(Source data)
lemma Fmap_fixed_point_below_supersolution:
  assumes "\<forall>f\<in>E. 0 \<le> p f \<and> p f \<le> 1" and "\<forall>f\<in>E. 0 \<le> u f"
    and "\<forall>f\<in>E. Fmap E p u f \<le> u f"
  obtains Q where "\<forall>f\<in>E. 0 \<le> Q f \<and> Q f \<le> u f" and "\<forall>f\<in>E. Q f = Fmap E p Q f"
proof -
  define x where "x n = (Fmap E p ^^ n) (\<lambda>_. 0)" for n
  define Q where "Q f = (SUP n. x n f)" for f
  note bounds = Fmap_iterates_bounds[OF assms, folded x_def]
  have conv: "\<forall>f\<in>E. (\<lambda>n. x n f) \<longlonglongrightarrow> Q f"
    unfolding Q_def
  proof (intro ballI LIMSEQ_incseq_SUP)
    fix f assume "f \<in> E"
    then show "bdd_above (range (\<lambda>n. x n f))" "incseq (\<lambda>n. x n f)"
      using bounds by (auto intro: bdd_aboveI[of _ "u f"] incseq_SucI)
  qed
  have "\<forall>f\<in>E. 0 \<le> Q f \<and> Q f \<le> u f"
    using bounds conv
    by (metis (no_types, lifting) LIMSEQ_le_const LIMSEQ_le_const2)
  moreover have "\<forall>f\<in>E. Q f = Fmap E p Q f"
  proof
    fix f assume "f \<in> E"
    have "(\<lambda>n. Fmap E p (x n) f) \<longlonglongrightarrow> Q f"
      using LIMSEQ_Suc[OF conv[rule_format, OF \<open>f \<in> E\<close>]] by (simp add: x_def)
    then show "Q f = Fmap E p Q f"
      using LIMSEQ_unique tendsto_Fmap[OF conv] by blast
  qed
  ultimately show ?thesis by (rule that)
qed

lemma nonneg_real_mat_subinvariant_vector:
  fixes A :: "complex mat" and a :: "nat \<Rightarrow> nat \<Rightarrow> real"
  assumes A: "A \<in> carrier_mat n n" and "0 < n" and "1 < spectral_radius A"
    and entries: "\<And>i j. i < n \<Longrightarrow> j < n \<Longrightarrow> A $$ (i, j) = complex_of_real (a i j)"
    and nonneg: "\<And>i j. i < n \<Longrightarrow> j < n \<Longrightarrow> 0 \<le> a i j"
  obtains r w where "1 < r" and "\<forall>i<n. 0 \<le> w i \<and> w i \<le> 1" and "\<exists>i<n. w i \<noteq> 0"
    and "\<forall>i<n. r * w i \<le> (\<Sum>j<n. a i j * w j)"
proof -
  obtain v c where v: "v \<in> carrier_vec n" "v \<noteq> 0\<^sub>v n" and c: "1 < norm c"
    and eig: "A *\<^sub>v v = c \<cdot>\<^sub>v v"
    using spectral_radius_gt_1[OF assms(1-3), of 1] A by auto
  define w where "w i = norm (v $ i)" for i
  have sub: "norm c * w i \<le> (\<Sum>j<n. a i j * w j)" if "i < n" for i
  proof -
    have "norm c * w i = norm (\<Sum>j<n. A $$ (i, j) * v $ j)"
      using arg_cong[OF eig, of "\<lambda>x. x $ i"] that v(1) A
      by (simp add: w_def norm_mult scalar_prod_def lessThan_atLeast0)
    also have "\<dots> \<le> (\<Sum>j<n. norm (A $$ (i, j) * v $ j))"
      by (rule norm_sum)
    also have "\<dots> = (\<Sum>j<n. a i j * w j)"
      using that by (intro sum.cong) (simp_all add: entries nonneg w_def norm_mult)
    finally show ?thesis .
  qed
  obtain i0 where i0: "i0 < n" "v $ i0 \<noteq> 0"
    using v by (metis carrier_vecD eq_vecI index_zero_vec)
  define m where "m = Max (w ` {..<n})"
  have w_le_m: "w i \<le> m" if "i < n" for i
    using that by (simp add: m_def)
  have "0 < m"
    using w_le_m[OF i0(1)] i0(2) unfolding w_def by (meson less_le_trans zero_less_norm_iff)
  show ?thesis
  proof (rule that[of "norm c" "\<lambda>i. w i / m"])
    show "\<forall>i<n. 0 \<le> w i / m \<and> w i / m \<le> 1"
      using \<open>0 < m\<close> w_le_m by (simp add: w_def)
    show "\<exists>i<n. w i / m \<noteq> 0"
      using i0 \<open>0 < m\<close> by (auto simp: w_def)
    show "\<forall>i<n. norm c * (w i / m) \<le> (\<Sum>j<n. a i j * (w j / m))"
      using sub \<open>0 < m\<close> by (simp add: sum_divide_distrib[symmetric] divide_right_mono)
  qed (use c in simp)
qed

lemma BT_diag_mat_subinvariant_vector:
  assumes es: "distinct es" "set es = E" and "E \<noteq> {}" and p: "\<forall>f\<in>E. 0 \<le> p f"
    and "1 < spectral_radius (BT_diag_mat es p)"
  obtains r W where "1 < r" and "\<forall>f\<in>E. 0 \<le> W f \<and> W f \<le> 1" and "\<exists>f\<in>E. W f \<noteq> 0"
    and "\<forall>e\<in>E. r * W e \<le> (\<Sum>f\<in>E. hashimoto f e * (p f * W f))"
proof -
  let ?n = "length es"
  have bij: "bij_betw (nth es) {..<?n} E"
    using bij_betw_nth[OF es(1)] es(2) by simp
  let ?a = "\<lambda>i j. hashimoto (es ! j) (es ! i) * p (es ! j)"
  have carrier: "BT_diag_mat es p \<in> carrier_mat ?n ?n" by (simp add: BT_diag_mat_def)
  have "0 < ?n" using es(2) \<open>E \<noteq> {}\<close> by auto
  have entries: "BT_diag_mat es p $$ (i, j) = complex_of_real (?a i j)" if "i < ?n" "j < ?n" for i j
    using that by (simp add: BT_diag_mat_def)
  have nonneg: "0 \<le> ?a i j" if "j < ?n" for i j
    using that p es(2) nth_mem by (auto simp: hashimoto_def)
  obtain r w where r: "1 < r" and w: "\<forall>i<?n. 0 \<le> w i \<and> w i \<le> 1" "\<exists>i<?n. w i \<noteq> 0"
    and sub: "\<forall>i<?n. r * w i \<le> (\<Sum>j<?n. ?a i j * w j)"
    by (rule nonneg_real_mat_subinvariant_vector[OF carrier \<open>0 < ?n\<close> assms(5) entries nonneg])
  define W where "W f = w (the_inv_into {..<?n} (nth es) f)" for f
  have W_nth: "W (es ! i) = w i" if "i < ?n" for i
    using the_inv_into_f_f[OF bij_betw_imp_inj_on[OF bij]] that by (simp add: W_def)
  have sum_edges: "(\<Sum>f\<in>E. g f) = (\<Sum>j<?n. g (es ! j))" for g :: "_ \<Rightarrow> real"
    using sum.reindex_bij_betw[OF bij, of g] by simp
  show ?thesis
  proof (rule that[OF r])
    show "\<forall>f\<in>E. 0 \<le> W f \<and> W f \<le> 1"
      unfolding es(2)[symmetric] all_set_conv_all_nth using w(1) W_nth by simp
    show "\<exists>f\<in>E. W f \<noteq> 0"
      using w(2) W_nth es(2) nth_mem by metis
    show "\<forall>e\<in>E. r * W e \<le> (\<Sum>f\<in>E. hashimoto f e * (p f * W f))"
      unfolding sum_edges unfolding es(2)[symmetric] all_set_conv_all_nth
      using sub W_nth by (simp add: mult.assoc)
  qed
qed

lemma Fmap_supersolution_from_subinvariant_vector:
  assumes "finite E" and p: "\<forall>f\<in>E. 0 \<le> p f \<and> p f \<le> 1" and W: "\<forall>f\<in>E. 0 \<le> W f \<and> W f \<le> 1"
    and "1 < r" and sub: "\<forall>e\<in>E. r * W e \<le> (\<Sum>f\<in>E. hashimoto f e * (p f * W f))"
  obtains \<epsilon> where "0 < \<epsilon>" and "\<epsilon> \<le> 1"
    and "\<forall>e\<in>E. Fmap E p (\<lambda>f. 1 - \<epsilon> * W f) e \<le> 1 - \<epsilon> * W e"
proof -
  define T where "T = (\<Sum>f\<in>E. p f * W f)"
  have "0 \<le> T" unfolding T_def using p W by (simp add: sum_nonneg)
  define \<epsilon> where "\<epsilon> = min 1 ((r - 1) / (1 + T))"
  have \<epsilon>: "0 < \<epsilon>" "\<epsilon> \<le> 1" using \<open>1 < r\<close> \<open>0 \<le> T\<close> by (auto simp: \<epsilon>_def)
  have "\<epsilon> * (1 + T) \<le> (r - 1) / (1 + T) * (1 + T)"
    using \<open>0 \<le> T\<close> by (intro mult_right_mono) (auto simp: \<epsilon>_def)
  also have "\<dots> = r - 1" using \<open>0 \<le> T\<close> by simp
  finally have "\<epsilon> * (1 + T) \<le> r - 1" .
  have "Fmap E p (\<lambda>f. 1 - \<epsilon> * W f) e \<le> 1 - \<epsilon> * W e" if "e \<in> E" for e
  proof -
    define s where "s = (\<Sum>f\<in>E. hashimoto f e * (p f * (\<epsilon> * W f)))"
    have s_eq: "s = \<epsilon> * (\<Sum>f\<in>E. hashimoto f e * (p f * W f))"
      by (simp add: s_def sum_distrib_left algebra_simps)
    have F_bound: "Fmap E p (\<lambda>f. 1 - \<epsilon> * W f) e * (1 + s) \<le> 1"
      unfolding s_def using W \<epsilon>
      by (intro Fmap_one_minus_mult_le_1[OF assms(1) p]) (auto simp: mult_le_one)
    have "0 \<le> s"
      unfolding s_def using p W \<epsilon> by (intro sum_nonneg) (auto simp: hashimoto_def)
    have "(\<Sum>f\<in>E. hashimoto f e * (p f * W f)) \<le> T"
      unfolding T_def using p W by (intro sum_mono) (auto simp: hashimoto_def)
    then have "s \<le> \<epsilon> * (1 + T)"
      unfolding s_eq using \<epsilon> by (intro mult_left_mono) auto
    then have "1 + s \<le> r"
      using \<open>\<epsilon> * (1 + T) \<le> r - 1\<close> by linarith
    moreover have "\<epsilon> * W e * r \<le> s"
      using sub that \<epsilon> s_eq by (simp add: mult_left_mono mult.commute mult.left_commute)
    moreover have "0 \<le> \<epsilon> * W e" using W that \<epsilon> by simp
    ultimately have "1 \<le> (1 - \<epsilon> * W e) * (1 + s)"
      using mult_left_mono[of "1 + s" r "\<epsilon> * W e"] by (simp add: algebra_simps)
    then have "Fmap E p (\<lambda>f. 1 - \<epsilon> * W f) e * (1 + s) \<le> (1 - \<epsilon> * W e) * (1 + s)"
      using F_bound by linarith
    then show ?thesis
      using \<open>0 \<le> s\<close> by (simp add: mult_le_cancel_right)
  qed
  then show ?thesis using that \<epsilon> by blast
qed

» **Task instructions**:
Beginning at the line with "n \<Longrightarrow> A" and stopping after the line with "define m where", please write out every line of the data above exactly and nothing else.

» **Response**:
    and entries: "\<And>i j. i < n \<Longrightarrow> j < n \<Longrightarrow> A $$ (i, j) = complex_of_real (a i j)"
    and nonneg: "\<And>i j. i < n \<Longrightarrow> j < n \<Longrightarrow> 0 \<le> a i j"
  obtains r w where "1 < r" and "\<forall>i<n. 0 \<le> w i \<and> w i \<le> 1" and "\<exists>i<n. w i \<noteq> 0"
    and "\<forall>i<n. r * w i \<le> (\<Sum>j<n. a i j * w j)"
proof -
  obtain v c where v: "v \<in> carrier_vec n" "v \<noteq> 0\<^sub>v n" and c: "1 < norm c"
    and eig: "A *\<^sub>v v = c \<cdot>\<^sub>v v"
    using spectral_radius_gt_1[OF assms(1-3), of 1] A by auto
  define w where "w i = norm (v $ i)" for i
  have sub: "norm c * w i \<le> (\<Sum>j<n. a i j * w j)" if "i < n" for i
  proof -
    have "norm c * w i = norm (\<Sum>j<n. A $$ (i, j) * v $ j)"
      using arg_cong[OF eig, of "\<lambda>x. x $ i"] that v(1) A
      by (simp add: w_def norm_mult scalar_prod_def lessThan_atLeast0)
    also have "\<dots> \<le> (\<Sum>j<n. norm (A $$ (i, j) * v $ j))"
      by (rule norm_sum)
    also have "\<dots> = (\<Sum>j<n. a i j * w j)"
      using that by (intro sum.cong) (simp_all add: entries nonneg w_def norm_mult)
    finally show ?thesis .
  qed
  obtain i0 where i0: "i0 < n" "v $ i0 \<noteq> 0"
    using v by (metis carrier_vecD eq_vecI index_zero_vec)
  define m where "m = Max (w ` {..<n})"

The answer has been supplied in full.